[THE PROBLEM]:
Filter the entries beneath this task, copying only the lines that hold the word "noteq".
⁂
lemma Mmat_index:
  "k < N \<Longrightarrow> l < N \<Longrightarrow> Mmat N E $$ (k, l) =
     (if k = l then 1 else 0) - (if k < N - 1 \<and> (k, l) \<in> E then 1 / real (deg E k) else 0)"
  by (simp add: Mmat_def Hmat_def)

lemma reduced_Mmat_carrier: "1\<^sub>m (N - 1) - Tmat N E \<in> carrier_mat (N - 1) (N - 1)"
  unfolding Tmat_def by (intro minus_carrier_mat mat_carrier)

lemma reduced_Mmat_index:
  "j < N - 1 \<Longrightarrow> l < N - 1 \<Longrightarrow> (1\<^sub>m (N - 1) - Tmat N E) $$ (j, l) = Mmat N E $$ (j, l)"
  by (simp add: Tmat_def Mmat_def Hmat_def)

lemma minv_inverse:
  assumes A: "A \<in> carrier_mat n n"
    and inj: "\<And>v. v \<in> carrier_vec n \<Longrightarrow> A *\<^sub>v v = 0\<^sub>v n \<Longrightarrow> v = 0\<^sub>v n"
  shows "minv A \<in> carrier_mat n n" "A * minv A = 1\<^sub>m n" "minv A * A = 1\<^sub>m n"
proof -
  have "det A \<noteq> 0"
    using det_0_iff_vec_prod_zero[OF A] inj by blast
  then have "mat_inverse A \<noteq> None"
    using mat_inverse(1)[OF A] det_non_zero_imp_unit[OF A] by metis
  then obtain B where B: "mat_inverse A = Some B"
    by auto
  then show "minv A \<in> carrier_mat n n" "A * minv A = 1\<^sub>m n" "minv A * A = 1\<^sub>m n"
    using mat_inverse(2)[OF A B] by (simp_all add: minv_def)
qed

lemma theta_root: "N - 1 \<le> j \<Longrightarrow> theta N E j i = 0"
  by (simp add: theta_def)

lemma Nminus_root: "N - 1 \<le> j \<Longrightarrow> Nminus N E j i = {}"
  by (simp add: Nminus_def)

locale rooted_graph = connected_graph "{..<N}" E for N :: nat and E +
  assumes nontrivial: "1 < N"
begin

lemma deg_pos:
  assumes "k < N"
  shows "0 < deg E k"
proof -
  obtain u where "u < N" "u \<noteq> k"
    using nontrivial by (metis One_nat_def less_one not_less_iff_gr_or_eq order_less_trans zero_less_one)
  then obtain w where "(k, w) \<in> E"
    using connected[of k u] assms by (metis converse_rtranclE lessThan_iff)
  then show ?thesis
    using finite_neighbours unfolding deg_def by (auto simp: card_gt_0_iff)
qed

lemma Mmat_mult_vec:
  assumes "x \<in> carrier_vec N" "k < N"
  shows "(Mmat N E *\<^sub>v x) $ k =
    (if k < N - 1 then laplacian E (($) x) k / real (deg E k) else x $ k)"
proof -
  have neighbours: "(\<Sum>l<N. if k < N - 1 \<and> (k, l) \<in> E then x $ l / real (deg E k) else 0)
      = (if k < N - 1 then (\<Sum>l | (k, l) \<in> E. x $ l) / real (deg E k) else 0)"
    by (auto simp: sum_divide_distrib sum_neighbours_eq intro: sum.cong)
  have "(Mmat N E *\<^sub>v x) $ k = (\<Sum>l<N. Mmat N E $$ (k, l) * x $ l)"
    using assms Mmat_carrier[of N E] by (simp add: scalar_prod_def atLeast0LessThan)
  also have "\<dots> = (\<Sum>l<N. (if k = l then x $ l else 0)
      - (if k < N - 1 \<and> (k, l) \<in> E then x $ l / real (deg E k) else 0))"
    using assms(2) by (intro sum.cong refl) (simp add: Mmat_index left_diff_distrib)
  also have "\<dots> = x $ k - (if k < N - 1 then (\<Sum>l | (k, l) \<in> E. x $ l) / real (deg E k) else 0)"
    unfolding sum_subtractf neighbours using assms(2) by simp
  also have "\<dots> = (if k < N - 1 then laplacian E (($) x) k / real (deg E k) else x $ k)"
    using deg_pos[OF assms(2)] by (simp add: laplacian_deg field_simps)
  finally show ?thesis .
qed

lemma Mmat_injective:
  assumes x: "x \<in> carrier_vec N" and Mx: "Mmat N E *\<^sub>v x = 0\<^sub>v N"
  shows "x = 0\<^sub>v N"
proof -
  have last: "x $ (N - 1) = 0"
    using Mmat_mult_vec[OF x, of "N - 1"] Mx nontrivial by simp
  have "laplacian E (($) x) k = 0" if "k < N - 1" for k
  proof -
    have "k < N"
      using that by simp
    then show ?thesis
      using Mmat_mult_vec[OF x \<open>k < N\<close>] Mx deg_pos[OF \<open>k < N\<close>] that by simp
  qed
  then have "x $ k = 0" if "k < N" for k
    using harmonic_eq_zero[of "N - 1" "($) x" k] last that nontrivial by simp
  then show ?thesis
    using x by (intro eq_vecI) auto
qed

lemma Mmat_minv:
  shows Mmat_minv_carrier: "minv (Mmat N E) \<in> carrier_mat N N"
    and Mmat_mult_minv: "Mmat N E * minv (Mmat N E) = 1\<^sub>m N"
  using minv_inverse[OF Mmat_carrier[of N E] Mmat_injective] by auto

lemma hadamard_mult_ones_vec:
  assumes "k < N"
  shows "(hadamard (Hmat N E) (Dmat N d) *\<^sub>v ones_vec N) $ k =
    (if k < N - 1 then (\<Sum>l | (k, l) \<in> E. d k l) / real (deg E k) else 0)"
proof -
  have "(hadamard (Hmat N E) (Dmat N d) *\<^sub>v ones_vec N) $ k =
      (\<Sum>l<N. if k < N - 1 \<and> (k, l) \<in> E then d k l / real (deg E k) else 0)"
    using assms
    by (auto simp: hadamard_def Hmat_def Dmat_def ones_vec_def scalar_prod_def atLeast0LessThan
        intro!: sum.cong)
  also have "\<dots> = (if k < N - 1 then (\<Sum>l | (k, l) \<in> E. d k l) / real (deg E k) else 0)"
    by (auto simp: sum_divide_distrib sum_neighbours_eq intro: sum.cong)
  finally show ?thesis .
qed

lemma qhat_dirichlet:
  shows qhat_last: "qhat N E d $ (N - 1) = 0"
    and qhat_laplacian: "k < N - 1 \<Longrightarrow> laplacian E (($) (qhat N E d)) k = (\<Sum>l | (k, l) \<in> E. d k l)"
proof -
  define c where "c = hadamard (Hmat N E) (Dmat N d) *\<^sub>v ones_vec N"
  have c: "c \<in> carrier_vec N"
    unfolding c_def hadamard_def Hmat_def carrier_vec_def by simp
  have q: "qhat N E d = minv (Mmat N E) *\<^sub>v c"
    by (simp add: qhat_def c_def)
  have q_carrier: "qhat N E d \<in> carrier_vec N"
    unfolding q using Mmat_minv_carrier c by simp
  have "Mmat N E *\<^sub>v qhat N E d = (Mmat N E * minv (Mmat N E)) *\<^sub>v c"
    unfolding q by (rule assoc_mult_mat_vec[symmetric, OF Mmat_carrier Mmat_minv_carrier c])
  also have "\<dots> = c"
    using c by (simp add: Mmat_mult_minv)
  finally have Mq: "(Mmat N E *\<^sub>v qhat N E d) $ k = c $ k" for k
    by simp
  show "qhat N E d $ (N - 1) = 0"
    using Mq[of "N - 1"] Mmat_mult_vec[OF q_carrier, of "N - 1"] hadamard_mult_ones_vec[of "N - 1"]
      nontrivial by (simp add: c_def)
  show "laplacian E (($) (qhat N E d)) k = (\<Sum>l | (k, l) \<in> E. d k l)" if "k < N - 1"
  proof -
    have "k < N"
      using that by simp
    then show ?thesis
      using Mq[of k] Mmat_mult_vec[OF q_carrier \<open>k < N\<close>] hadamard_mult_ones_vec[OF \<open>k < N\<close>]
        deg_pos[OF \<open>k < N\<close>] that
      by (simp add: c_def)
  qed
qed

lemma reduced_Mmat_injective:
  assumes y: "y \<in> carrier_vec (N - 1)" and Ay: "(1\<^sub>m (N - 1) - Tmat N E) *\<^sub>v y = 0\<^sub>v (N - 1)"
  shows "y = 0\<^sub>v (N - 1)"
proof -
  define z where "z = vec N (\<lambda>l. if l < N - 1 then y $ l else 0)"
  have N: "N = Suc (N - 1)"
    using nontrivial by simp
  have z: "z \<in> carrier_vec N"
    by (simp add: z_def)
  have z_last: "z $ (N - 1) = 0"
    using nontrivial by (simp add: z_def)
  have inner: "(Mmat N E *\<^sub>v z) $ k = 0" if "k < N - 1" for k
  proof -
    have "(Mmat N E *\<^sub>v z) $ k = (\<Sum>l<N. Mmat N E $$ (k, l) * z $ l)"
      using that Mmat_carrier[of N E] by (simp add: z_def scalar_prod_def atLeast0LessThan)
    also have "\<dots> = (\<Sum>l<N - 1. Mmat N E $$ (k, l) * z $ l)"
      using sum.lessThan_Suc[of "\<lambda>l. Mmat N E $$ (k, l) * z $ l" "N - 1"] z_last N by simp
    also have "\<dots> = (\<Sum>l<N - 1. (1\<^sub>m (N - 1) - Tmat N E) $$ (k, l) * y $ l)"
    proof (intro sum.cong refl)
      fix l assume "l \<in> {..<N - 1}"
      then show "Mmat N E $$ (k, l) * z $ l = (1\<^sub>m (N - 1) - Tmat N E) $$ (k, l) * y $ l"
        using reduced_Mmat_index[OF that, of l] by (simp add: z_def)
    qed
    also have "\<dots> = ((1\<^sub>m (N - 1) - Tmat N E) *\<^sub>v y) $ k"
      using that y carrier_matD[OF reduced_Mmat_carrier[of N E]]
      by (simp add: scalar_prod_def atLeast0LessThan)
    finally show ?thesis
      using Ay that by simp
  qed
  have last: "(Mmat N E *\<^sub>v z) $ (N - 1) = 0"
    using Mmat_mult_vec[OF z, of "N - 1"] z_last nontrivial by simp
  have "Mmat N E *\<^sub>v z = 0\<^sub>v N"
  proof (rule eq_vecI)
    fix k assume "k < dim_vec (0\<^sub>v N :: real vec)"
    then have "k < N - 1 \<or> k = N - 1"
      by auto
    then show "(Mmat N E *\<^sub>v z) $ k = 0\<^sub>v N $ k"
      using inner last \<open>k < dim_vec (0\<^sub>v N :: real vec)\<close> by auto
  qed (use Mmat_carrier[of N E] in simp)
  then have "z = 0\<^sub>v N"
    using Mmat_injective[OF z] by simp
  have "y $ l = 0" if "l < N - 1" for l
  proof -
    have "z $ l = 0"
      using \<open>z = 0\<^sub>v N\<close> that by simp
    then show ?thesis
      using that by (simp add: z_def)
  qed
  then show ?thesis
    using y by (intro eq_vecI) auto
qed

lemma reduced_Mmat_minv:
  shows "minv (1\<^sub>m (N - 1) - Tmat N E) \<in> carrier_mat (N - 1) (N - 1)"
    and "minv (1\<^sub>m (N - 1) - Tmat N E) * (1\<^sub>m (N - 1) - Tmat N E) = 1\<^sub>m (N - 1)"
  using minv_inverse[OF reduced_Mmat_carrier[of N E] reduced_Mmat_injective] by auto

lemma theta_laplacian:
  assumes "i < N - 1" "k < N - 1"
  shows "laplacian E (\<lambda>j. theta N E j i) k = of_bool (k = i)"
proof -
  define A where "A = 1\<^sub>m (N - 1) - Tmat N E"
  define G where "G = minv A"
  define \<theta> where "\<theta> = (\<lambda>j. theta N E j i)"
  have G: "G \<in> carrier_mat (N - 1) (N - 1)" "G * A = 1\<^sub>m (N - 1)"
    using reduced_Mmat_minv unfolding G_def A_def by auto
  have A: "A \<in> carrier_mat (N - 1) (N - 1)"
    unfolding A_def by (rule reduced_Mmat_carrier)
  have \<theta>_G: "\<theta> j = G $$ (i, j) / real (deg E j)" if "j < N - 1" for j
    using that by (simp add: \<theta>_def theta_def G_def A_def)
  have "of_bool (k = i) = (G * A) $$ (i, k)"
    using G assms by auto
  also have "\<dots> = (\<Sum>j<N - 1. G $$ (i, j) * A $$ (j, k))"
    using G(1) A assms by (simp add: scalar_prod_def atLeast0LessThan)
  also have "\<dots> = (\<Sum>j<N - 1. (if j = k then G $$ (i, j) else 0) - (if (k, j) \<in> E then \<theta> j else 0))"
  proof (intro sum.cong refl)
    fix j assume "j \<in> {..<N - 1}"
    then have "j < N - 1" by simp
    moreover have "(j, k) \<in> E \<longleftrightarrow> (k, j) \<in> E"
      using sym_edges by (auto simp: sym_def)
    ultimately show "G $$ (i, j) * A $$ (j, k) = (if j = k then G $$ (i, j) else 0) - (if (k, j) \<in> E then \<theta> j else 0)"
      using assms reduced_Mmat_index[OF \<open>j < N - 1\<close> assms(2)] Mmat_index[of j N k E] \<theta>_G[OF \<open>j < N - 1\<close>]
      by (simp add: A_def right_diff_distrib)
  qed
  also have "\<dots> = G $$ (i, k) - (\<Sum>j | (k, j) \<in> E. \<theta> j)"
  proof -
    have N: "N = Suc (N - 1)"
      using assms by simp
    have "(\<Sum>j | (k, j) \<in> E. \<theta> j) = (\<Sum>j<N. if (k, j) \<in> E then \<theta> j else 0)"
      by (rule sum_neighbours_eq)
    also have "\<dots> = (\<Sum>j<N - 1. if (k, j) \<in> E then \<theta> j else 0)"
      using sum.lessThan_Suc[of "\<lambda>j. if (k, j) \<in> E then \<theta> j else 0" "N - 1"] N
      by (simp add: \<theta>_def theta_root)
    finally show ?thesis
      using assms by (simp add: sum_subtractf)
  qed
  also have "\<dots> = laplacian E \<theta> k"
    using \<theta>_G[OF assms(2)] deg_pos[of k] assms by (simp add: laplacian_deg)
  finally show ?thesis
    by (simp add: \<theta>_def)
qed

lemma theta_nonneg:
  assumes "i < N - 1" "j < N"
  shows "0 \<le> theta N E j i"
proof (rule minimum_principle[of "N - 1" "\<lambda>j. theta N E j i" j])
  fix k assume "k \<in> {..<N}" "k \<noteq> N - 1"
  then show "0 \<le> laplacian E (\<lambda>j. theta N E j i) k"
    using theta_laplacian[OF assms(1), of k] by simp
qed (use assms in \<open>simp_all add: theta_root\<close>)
⁂
[REPLY TO THE TASK]:
  have "det A \<noteq> 0"
  then have "mat_inverse A \<noteq> None"
  obtain u where "u < N" "u \<noteq> k"
  fix k assume "k \<in> {..<N}" "k \<noteq> N - 1"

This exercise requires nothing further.